SUPPLIED RECORDS:
*** Block opens ***

lemma axis_mvt:
  fixes g :: "real ^ 'c::finite \<Rightarrow> real"
  assumes "0 < h" "\<And>t. 0 \<le> t \<Longrightarrow> t \<le> h \<Longrightarrow> g differentiable at (y + t *\<^sub>R axis c 1)"
  shows "\<exists>\<xi>. 0 < \<xi> \<and> \<xi> < h \<and> g (y + h *\<^sub>R axis c 1) - g y = h * pd c g (y + \<xi> *\<^sub>R axis c 1)"
  using MVT2[OF assms(1), of "\<lambda>t. g (y + t *\<^sub>R axis c 1)"] has_real_derivative_axis[OF assms(2)] by auto

lemma second_difference_mvt:
  fixes f :: "real ^ 'c::finite \<Rightarrow> real"
  assumes U: "ball x r \<subseteq> U"
    and df: "\<And>y. y \<in> U \<Longrightarrow> f differentiable at y"
    and dfa: "\<And>y. y \<in> U \<Longrightarrow> pd a f differentiable at y"
    and h: "0 < h" "2 * h < r"
  shows "\<exists>p. dist p x < 2 * h \<and>
     f (x + h *\<^sub>R axis a 1 + h *\<^sub>R axis b 1) - f (x + h *\<^sub>R axis a 1) - f (x + h *\<^sub>R axis b 1) + f x
       = h * h * pd b (pd a f) p"
proof -
  define u :: "real ^ 'c" where "u = axis a 1"
  define v :: "real ^ 'c" where "v = axis b 1"
  have norm_uv: "norm (s *\<^sub>R u + t *\<^sub>R v) \<le> \<bar>s\<bar> + \<bar>t\<bar>" for s t
    using norm_triangle_ineq[of "s *\<^sub>R u" "t *\<^sub>R v"] by (simp add: u_def v_def)
  have inU: "x + s *\<^sub>R u + t *\<^sub>R v \<in> U" if "0 \<le> s" "s \<le> h" "0 \<le> t" "t \<le> h" for s t
  proof -
    have "dist (x + s *\<^sub>R u + t *\<^sub>R v) x < r"
      using norm_uv[of s t] that h by (simp add: dist_norm add.assoc)
    then show ?thesis using U by (auto simp: dist_commute)
  qed
  define g where "g z = f (z + h *\<^sub>R v) - f z" for z
  have shift: "(\<lambda>z. f (z + h *\<^sub>R v)) differentiable at z" if "f differentiable at (z + h *\<^sub>R v)" for z
    using differentiable_compose[of f "\<lambda>z. z + h *\<^sub>R v" z UNIV] that by (simp add: derivative_intros)
  obtain \<xi> where \<xi>: "0 < \<xi>" "\<xi> < h" "g (x + h *\<^sub>R u) - g x = h * pd a g (x + \<xi> *\<^sub>R u)"
  proof -
    have "g differentiable at (x + t *\<^sub>R u)" if "0 \<le> t" "t \<le> h" for t
      using df[OF inU[of t h]] df[OF inU[of t 0]] that h unfolding g_def
      by (intro derivative_intros shift) auto
    then show ?thesis using axis_mvt[OF h(1), of g x a, folded u_def] that by blast
  qed
  have g': "pd a g (x + \<xi> *\<^sub>R u) = pd a f (x + \<xi> *\<^sub>R u + h *\<^sub>R v) - pd a f (x + \<xi> *\<^sub>R u)"
  proof -
    have "f differentiable at (x + \<xi> *\<^sub>R u + h *\<^sub>R v)" "f differentiable at (x + \<xi> *\<^sub>R u)"
      using df inU[of \<xi> h] inU[of \<xi> 0] \<xi> h by auto
    then show ?thesis unfolding g_def
      by (simp add: pd_diff pd_translate shift)
  qed
  have "pd a f differentiable at (x + \<xi> *\<^sub>R u + t *\<^sub>R v)" if "0 \<le> t" "t \<le> h" for t
    using dfa inU[of \<xi> t] that \<xi> by simp
  then obtain \<eta> where \<eta>: "0 < \<eta>" "\<eta> < h"
    "pd a f (x + \<xi> *\<^sub>R u + h *\<^sub>R v) - pd a f (x + \<xi> *\<^sub>R u) = h * pd b (pd a f) (x + \<xi> *\<^sub>R u + \<eta> *\<^sub>R v)"
    using axis_mvt[OF h(1), of "pd a f" "x + \<xi> *\<^sub>R u" b, folded v_def] by blast
  have "dist (x + \<xi> *\<^sub>R u + \<eta> *\<^sub>R v) x < 2 * h"
    using norm_uv[of \<xi> \<eta>] \<xi> \<eta> by (simp add: dist_norm add.assoc)
  moreover have "f (x + h *\<^sub>R u + h *\<^sub>R v) - f (x + h *\<^sub>R u) - f (x + h *\<^sub>R v) + f x
      = h * h * pd b (pd a f) (x + \<xi> *\<^sub>R u + \<eta> *\<^sub>R v)"
    using \<xi>(3) \<eta>(3) by (simp add: g_def g')
  ultimately show ?thesis unfolding u_def v_def by blast
qed

(* Schwarz: both mixed partials are limits of the same second difference quotient. *)
lemma pd_commute:
  fixes f :: "real ^ 'c::finite \<Rightarrow> real"
  assumes U: "open U" and f: "smooth_on U f" and x: "x \<in> U"
  shows "pd a (pd b f) x = pd b (pd a f) x"
proof (rule ccontr)
  define g1 where "g1 = pd b (pd a f)"
  define g2 where "g2 = pd a (pd b f)"
  assume "pd a (pd b f) x \<noteq> pd b (pd a f) x"
  then have e: "\<bar>g1 x - g2 x\<bar> / 2 > 0" by (simp add: g1_def g2_def)
  have "isCont (pd d (pd e f)) x" for d e
    using smooth_on_continuous[OF smooth_on_pd[OF smooth_on_pd[OF f]]] U x
    by (simp add: continuous_on_eq_continuous_at)
  then have "isCont g1 x" "isCont g2 x" by (simp_all add: g1_def g2_def)
  with e obtain d1 d2 where d1: "d1 > 0" "\<And>y. dist y x < d1 \<Longrightarrow> dist (g1 y) (g1 x) < \<bar>g1 x - g2 x\<bar> / 2"
    and d2: "d2 > 0" "\<And>y. dist y x < d2 \<Longrightarrow> dist (g2 y) (g2 x) < \<bar>g1 x - g2 x\<bar> / 2"
    unfolding continuous_at_eps_delta by blast
  obtain r where r: "r > 0" "ball x r \<subseteq> U" using U x open_contains_ball by blast
  define h where "h = min r (min d1 d2) / 4"
  have h: "0 < h" "2 * h < r" "2 * h < d1" "2 * h < d2" using r d1 d2 by (auto simp: h_def)
  have df: "\<And>y c. y \<in> U \<Longrightarrow> pd c f differentiable at y" "\<And>y. y \<in> U \<Longrightarrow> f differentiable at y"
    using smooth_on_differentiable[OF smooth_on_pd[OF f] U] smooth_on_differentiable[OF f U] by auto
  obtain p1 where p1: "dist p1 x < 2 * h"
    "f (x + h *\<^sub>R axis a 1 + h *\<^sub>R axis b 1) - f (x + h *\<^sub>R axis a 1) - f (x + h *\<^sub>R axis b 1) + f x
       = h * h * g1 p1"
    using second_difference_mvt[OF r(2) df(2) df(1) h(1,2)] unfolding g1_def by blast
  obtain p2 where p2: "dist p2 x < 2 * h"
    "f (x + h *\<^sub>R axis b 1 + h *\<^sub>R axis a 1) - f (x + h *\<^sub>R axis b 1) - f (x + h *\<^sub>R axis a 1) + f x
       = h * h * g2 p2"
    using second_difference_mvt[OF r(2) df(2) df(1) h(1,2)] unfolding g2_def by blast
  have swap: "x + h *\<^sub>R axis b 1 + h *\<^sub>R axis a 1 = x + h *\<^sub>R axis a 1 + h *\<^sub>R axis b (1::real)"
    by (simp add: add_ac)
  have "h * h * g1 p1 = h * h * g2 p2" using p1(2) p2(2)[unfolded swap] by linarith
  then have "g1 p1 = g2 p2" using h(1) by simp
  moreover have "dist (g1 p1) (g1 x) < \<bar>g1 x - g2 x\<bar> / 2" "dist (g2 p2) (g2 x) < \<bar>g1 x - g2 x\<bar> / 2"
    using d1(2)[of p1] d2(2)[of p2] p1(1) p2(1) h by auto
  ultimately show False unfolding dist_real_def by (simp add: abs_if split: if_splits)
qed
(* Let $\mathbf G$ be a strict quasi-covering of $\mathbf H$ of radius $r$ via $\gamma$ (with associated covering $\mathbf K$ via $\delta$ and centres $z\in V(G)$, $z_0\in V(K)$). For every $q\in\mathbb N$, if $r\ge q\,|V(H)|$ then the quasi-covering has at least $q$ sheets.
   Context: Graphs are simple, undirected, connected, labelled; $\mathbf H$ is finite. $B_G(v,r)$ is the ball of radius $r$, $B_G(v)=B_G(v,1)$. $\mathbf K$ is a covering of $\mathbf H$ via $\delta$ if $\delta$ is a surjective label-preserving homomorphism whose restriction to each $B_K(v)$ is a bijection onto $B_H(\delta(v))$. $\mathbf G$ is a quasi-covering of $\mathbf H$ of radius $r$ via a partial map $\gamma:V(G)\to V(H)$ if there exist a finite or infinite covering $\mathbf K$ of $\mathbf H$ via $\delta$ (the associated covering) and vertices $z_0\in V(K)$, $z\in V(G)$ (the centre) such that $B_{\mathbf G}(z,r)$ is isomorphic via some $\varphi$ to $B_{\mathbf K}(z_0,r)$, $\gamma$ is defined on $B_G(z,r)$, and $\gamma=\delta\circ\varphi$ on $V(B_G(z,r))$. It is strict if $B_{\mathbf G}(z,r-1)\neq\mathbf G$. Its number of sheets is $\min_{v\in V(H)}\left|\{w\in\delta^{-1}(v)\mid B_K(w,1)\subseteq B_K(z_0,r)\}\right|$. *)

theory Defs
  imports Main
begin

record ('a, 'l) lgraph =
  verts :: "'a set"
  adj :: "'a \<Rightarrow> 'a \<Rightarrow> bool"
  lab :: "'a \<Rightarrow> 'l"

definition walk :: "('a, 'l) lgraph \<Rightarrow> 'a list \<Rightarrow> bool" where
  "walk G xs \<longleftrightarrow> xs \<noteq> [] \<and> set xs \<subseteq> verts G \<and>
     (\<forall>i. Suc i < length xs \<longrightarrow> adj G (xs ! i) (xs ! Suc i))"

definition reach_within :: "('a, 'l) lgraph \<Rightarrow> 'a \<Rightarrow> 'a \<Rightarrow> nat \<Rightarrow> bool" where
  "reach_within G v w n \<longleftrightarrow>
     (\<exists>xs. walk G xs \<and> hd xs = v \<and> last xs = w \<and> length xs \<le> Suc n)"
text \<open>A subgraph that is isometrically embedded and joined to all remaining vertices inherits
  a locating coloring from the colors it uses: every other color class is at distance one
  from all of its vertices.\<close>
lemma locating_chromatic_number_le_card_restrict:
  assumes loc: "locating_coloring J k f"
    and inj: "inj_on e (verts H)" and sub: "e ` verts H \<subseteq> verts J"
    and dist: "\<forall>u\<in>verts H. \<forall>v\<in>verts H. gdist J (e u) (e v) = gdist H u v"
    and adj: "\<forall>u\<in>verts H. \<forall>v\<in>verts H. adj H u v \<longrightarrow> adj J (e u) (e v)"
    and joined: "\<forall>u\<in>verts H. \<forall>w\<in>verts J - e ` verts H. adj J (e u) w"
  shows "locating_chromatic_number H \<le> card (f ` e ` verts H)"
proof -
  define C where "C = f ` e ` verts H"
  have onto: "f ` verts J = {1..k}"
    and proper: "\<forall>u\<in>verts J. \<forall>v\<in>verts J. adj J u v \<longrightarrow> f u \<noteq> f v"
    and code_inj: "inj_on (color_code J k f) (verts J)"
    using loc by (auto simp: locating_coloring_def proper_coloring_def)
  have "C \<subseteq> {1..k}" using onto sub unfolding C_def by blast
  then have "finite C" by (rule finite_subset) simp
  then obtain h where h: "bij_betw h C {1..card C}"
    using finite_same_card_bij[of C "{1..card C}"] by auto
  define g where "g u = h (f (e u))" for u
  have outside: "f w \<notin> C" if w: "w \<in> verts J - e ` verts H" for w
  proof
    assume "f w \<in> C"
    then obtain u where u: "u \<in> verts H" "f (e u) = f w" unfolding C_def by auto
    then have "adj J (e u) w" "e u \<in> verts J" using joined sub w by auto
    then show False using proper w u by auto
  qed
  have class_inside: "color_class J f i = e ` color_class H g (h i)" if "i \<in> C" for i
  proof -
    have "color_class J f i \<subseteq> e ` verts H" using outside that by (auto simp: color_class_def)
    then show ?thesis
      using that h sub unfolding color_class_def g_def C_def bij_betw_def inj_on_def by auto
  qed
  have class_outside: "color_class J f i \<noteq> {}" "color_class J f i \<subseteq> verts J - e ` verts H"
    if "i \<in> {1..k} - C" for i
    using that onto unfolding color_class_def C_def by force+
  have classes: "\<forall>i\<in>{1..k}. (\<exists>j\<in>{1..card C}. color_class J f i = e ` color_class H g j)
      \<or> color_class J f i \<noteq> {} \<and> color_class J f i \<subseteq> verts J - e ` verts H"
  proof
    fix i assume "i \<in> {1..k}"
    show "(\<exists>j\<in>{1..card C}. color_class J f i = e ` color_class H g j)
      \<or> color_class J f i \<noteq> {} \<and> color_class J f i \<subseteq> verts J - e ` verts H"
    proof (cases "i \<in> C")
      case True
      then show ?thesis using class_inside[OF True] bij_betw_apply[OF h True] by blast
    next
      case False
      then show ?thesis using class_outside[of i] \<open>i \<in> {1..k}\<close> by blast
    qed
  qed
  have "g ` verts H = {1..card C}"
    using h unfolding g_def C_def bij_betw_def by (simp add: image_image)
  moreover have "g u \<noteq> g v" if "u \<in> verts H" "v \<in> verts H" "adj H u v" for u v
  proof -
    have "f (e u) \<noteq> f (e v)" using that adj proper sub by blast
    moreover have "f (e u) \<in> C" "f (e v) \<in> C" using that unfolding C_def by auto
    ultimately show ?thesis using h unfolding g_def bij_betw_def by (auto dest: inj_onD)
  qed
  moreover have "inj_on (color_code H (card C) g) (verts H)"
  proof (rule inj_onI)
    fix a b assume "a \<in> verts H" "b \<in> verts H"
      and "color_code H (card C) g a = color_code H (card C) g b"
    then have "color_code J k f (e a) = color_code J k f (e b)"
      by (rule color_code_eq_extend_joined[OF sub dist joined classes])
    then show "a = b" using code_inj inj \<open>a \<in> verts H\<close> \<open>b \<in> verts H\<close> sub
      by (auto dest: inj_onD)
  qed
  ultimately show ?thesis
    unfolding C_def by (intro locating_chromatic_number_le[of _ _ g])
      (simp add: locating_coloring_def proper_coloring_def)
qed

*** Block closes ***

TASK STATEMENT: With the first line being the one containing "by (intro derivative_intros shift) auto" and the last line the one containing "using norm_uv[of \<xi>", transcribe exactly the lines above that fall in that range.

SOLUTION FOR THIS EXERCISE:
      by (intro derivative_intros shift) auto
    then show ?thesis using axis_mvt[OF h(1), of g x a, folded u_def] that by blast
  qed
  have g': "pd a g (x + \<xi> *\<^sub>R u) = pd a f (x + \<xi> *\<^sub>R u + h *\<^sub>R v) - pd a f (x + \<xi> *\<^sub>R u)"
  proof -
    have "f differentiable at (x + \<xi> *\<^sub>R u + h *\<^sub>R v)" "f differentiable at (x + \<xi> *\<^sub>R u)"
      using df inU[of \<xi> h] inU[of \<xi> 0] \<xi> h by auto
    then show ?thesis unfolding g_def
      by (simp add: pd_diff pd_translate shift)
  qed
  have "pd a f differentiable at (x + \<xi> *\<^sub>R u + t *\<^sub>R v)" if "0 \<le> t" "t \<le> h" for t
    using dfa inU[of \<xi> t] that \<xi> by simp
  then obtain \<eta> where \<eta>: "0 < \<eta>" "\<eta> < h"
    "pd a f (x + \<xi> *\<^sub>R u + h *\<^sub>R v) - pd a f (x + \<xi> *\<^sub>R u) = h * pd b (pd a f) (x + \<xi> *\<^sub>R u + \<eta> *\<^sub>R v)"
    using axis_mvt[OF h(1), of "pd a f" "x + \<xi> *\<^sub>R u" b, folded v_def] by blast
  have "dist (x + \<xi> *\<^sub>R u + \<eta> *\<^sub>R v) x < 2 * h"
    using norm_uv[of \<xi> \<eta>] \<xi> \<eta> by (simp add: dist_norm add.assoc)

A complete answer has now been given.